3. Results and Discussion
Point 1: Device Performance in Repeated Processes Using Untreated C60
The authors first evaluated the performance of commercially available C60 materials for multiple deposition cycles directly on single-section (1-J) PSCs. A device stack in the ITO /NiOx /MeO-2PACz/perovskite/C60/BCP/Ag configuration was used, as shown in Figure 1a. A thermal cycle consists of evacuating the evaporation chamber (to a base pressure of 10 -7 Torr), then thermally evaporating the C60 layer and finally bringing the semi-finished device (NiOx/MeO-2PACz/perovskite/C60 ) to the load lock pressure (about 10 -3 Torr). It was observed that the maximum crucible temperature required to maintain a constant deposition rate gradually increased with each new cycle. After the 8th cycle, it was found that the color of the powder in the crucible changed from black to brown, as shown in Figure 1b.

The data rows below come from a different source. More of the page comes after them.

lemma peano_kernel_eq_quad_error:
  assumes "t \<in> {a..b}" "1 \<le> m"
  shows "peano_kernel m t = quad_error (\<lambda>x. trunc_pow m (x - t))"
  using assms a_less_b
  by (simp add: quad_error_def peano_kernel_def integral_trunc_pow
      trunc_pow_nonneg_arg trunc_pow_nonpos_arg)

lemma peano_kernel_above_nodes:
  assumes "1 \<le> m" "\<And>k. k \<in> I \<Longrightarrow> \<tau> k \<le> t"
  shows "peano_kernel m t = (b - t) ^ Suc m / Suc m"
  using assms by (simp add: peano_kernel_def trunc_pow_nonpos_arg)

lemma peano_kernel_below_nodes:
  assumes "odd m" and exact: "quad_error (\<lambda>x. (x - t) ^ m) = 0"
    and below: "\<And>k. k \<in> I \<Longrightarrow> t \<le> \<tau> k"
  shows "peano_kernel m t = (t - a) ^ Suc m / Suc m"
proof -
  have "(\<Sum>k\<in>I. \<omega> k * trunc_pow m (\<tau> k - t)) = (\<Sum>k\<in>I. \<omega> k * (\<tau> k - t) ^ m)"
    using below by (intro sum.cong) (auto simp: trunc_pow_nonneg_arg)
  moreover have "(a - t) ^ Suc m = (t - a) ^ Suc m"
    using \<open>odd m\<close> by (metis even_Suc minus_diff_eq power_minus_even)
  ultimately show ?thesis
    using exact a_less_b
    by (simp add: quad_error_def peano_kernel_def integral_power_shift diff_divide_distrib)
qed

lemma continuous_on_peano_kernel: "continuous_on S (peano_kernel m)"
  unfolding peano_kernel_def[abs_def] by (intro continuous_intros) auto

lemma DERIV_peano_kernel:
  assumes "1 \<le> m"
  shows "(peano_kernel (Suc m) has_real_derivative - real (Suc m) * peano_kernel m t) (at t)"
proof -
  have d: "((\<lambda>t. b - t) has_real_derivative -1) (at t)"
    by (auto intro!: derivative_eq_intros)
  have "((\<lambda>t. (b - t) ^ Suc (Suc m) / Suc (Suc m)) has_real_derivative
          real (Suc (Suc m)) * (b - t) ^ (Suc (Suc m) - Suc 0) * -1 / Suc (Suc m)) (at t)"
    by (intro DERIV_cdivide DERIV_chain2[OF DERIV_pow d])
  moreover have "((\<lambda>t. \<Sum>k\<in>I. \<omega> k * trunc_pow (Suc m) (\<tau> k - t)) has_real_derivative
          (\<Sum>k\<in>I. \<omega> k * (real (Suc m) * trunc_pow m (\<tau> k - t) * -1))) (at t)"
    using assms by (intro DERIV_sum DERIV_cmult DERIV_trunc_pow_compose) (auto intro!: derivative_eq_intros)
  ultimately have "(peano_kernel (Suc m) has_real_derivative
          real (Suc (Suc m)) * (b - t) ^ (Suc (Suc m) - Suc 0) * -1 / Suc (Suc m)
          - (\<Sum>k\<in>I. \<omega> k * (real (Suc m) * trunc_pow m (\<tau> k - t) * -1))) (at t)"
    unfolding peano_kernel_def[abs_def] by (rule DERIV_diff)
  then show ?thesis
    by (simp add: peano_kernel_def sum_distrib_left right_diff_distrib mult_ac del: of_nat_Suc)
qed

lemma DERIV_peano_kernel_scaled:
  assumes "Suc j < M"
  shows "((\<lambda>t. (-1) ^ j * (fact M / fact (M - j)) * peano_kernel (M - j) t) has_real_derivative
           (-1) ^ Suc j * (fact M / fact (M - Suc j)) * peano_kernel (M - Suc j) t) (at t)"
proof -
  define m where "m = M - Suc j"
  have m: "M - j = Suc m" "1 \<le> m" using assms by (simp_all add: m_def)
  have "((\<lambda>t. (-1) ^ j * (fact M / fact (Suc m)) * peano_kernel (Suc m) t) has_real_derivative
          (-1) ^ j * (fact M / fact (Suc m)) * (- real (Suc m) * peano_kernel m t)) (at t)"
    by (intro DERIV_cmult DERIV_peano_kernel m)
  then show ?thesis
    unfolding m(1) m_def[symmetric] by (simp add: field_simps del: of_nat_Suc)
qed

lemma peano_kernel1_zeros_enclose_node:
  assumes "u < w" "w < v"
    and zeros: "peano_kernel 1 u = 0" "peano_kernel 1 w = 0" "peano_kernel 1 v = 0"
  shows "\<exists>k\<in>I. \<tau> k \<in> {u<..<v}"
proof (rule ccontr)
  assume gap: "\<not> ?thesis"
  define J where "J = {k\<in>I. v \<le> \<tau> k}"
  define A where "A = (\<Sum>k\<in>J. \<omega> k * \<tau> k)"
  define B where "B = (\<Sum>k\<in>J. \<omega> k)"
  have quadratic: "peano_kernel 1 t = 1/2 * t\<^sup>2 + (B - b) * t + (b\<^sup>2 / 2 - A)"
    if "t \<in> {u..v}" for t
  proof -
    have "(\<Sum>k\<in>I. \<omega> k * trunc_pow 1 (\<tau> k - t))
            = (\<Sum>k\<in>I. (if v \<le> \<tau> k then \<omega> k * \<tau> k else 0) - t * (if v \<le> \<tau> k then \<omega> k else 0))"
    proof (intro sum.cong refl)
      fix k assume "k \<in> I"
      then have "\<tau> k \<le> u \<or> v \<le> \<tau> k" using gap by force
      then show "\<omega> k * trunc_pow 1 (\<tau> k - t)
          = (if v \<le> \<tau> k then \<omega> k * \<tau> k else 0) - t * (if v \<le> \<tau> k then \<omega> k else 0)"
        using that \<open>u < w\<close> \<open>w < v\<close>
        by (auto simp: trunc_pow_nonneg_arg trunc_pow_nonpos_arg algebra_simps)
    qed
    also have "\<dots> = A - t * B"
      unfolding A_def B_def J_def
      by (simp add: sum.inter_filter[OF finite_I] sum_subtractf sum_distrib_left)
    finally have nodes: "(\<Sum>k\<in>I. \<omega> k * trunc_pow 1 (\<tau> k - t)) = A - t * B" .
    show ?thesis
      unfolding peano_kernel_def nodes by (simp add: power2_eq_square field_simps)
  qed
  show False
    using quadratic_no_three_zeros[of "1/2" u w v "B - b" "b\<^sup>2 / 2 - A"] assms quadratic
    by fastforce
qed

lemma quad_error_integral_trunc_pow:
  assumes "1 \<le> m" and g: "continuous_on {a..b} g"
  shows "quad_error (\<lambda>x. integral {a..b} (\<lambda>t. trunc_pow m (x - t) * g t))
           = integral {a..b} (\<lambda>t. peano_kernel m t * g t)"
proof -
  let ?h = "\<lambda>x t. trunc_pow m (x - t) * g t"
  have "continuous_on (cbox (a, a) (b, b)) (\<lambda>p. g (snd p))"
    by (rule continuous_on_compose2[OF g continuous_on_snd]) (auto simp: cbox_Pair_eq)
  then have cont: "continuous_on (cbox (a, a) (b, b)) (\<lambda>(x, t). ?h x t)"
    by (simp add: case_prod_beta') (intro continuous_intros)
  have "integral {a..b} (\<lambda>x. integral {a..b} (?h x))
          = integral {a..b} (\<lambda>t. integral {a..b} (\<lambda>x. ?h x t))"
    using integral_swap_continuous[OF cont] by (simp add: cbox_interval)
  also have "\<dots> = integral {a..b} (\<lambda>t. (b - t) ^ Suc m / Suc m * g t)"
    using a_less_b assms(1)
    by (intro integral_cong)
      (simp add: Henstock_Kurzweil_Integration.integral_mult_left integral_trunc_pow
        trunc_pow_nonneg_arg trunc_pow_nonpos_arg)
  finally have integral_part: "integral {a..b} (\<lambda>x. integral {a..b} (?h x))
      = integral {a..b} (\<lambda>t. (b - t) ^ Suc m / Suc m * g t)" .
  have "integral {a..b} (\<lambda>t. (\<Sum>k\<in>I. \<omega> k * trunc_pow m (\<tau> k - t)) * g t)
          = integral {a..b} (\<lambda>t. \<Sum>k\<in>I. \<omega> k * ?h (\<tau> k) t)"
    by (simp add: sum_distrib_right mult.assoc)
  also have "\<dots> = (\<Sum>k\<in>I. \<omega> k * integral {a..b} (?h (\<tau> k)))"
    by (subst integral_sum)
      (auto intro!: integrable_continuous_real continuous_intros g finite_I
        simp: Henstock_Kurzweil_Integration.integral_mult_right)
  finally have sum_part: "(\<Sum>k\<in>I. \<omega> k * integral {a..b} (?h (\<tau> k)))
      = integral {a..b} (\<lambda>t. (\<Sum>k\<in>I. \<omega> k * trunc_pow m (\<tau> k - t)) * g t)" ..
  show ?thesis
    unfolding quad_error_def integral_part sum_part peano_kernel_def left_diff_distrib
    by (rule integral_diff[symmetric]) (auto intro!: integrable_continuous_real continuous_intros g)
qed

Through the current density-voltage (JV) analysis of the device, the V oc of the corresponding device dropped by an average of 5 mV after each thermal cycle, and the FF gradually decreased. The V oc of the device was 1142 mV (average 1130 mV) in the first thermal cycle , which dropped to 1118 mV (average 1109 mV) after the eighth thermal cycle, as shown in Figure 1b and c.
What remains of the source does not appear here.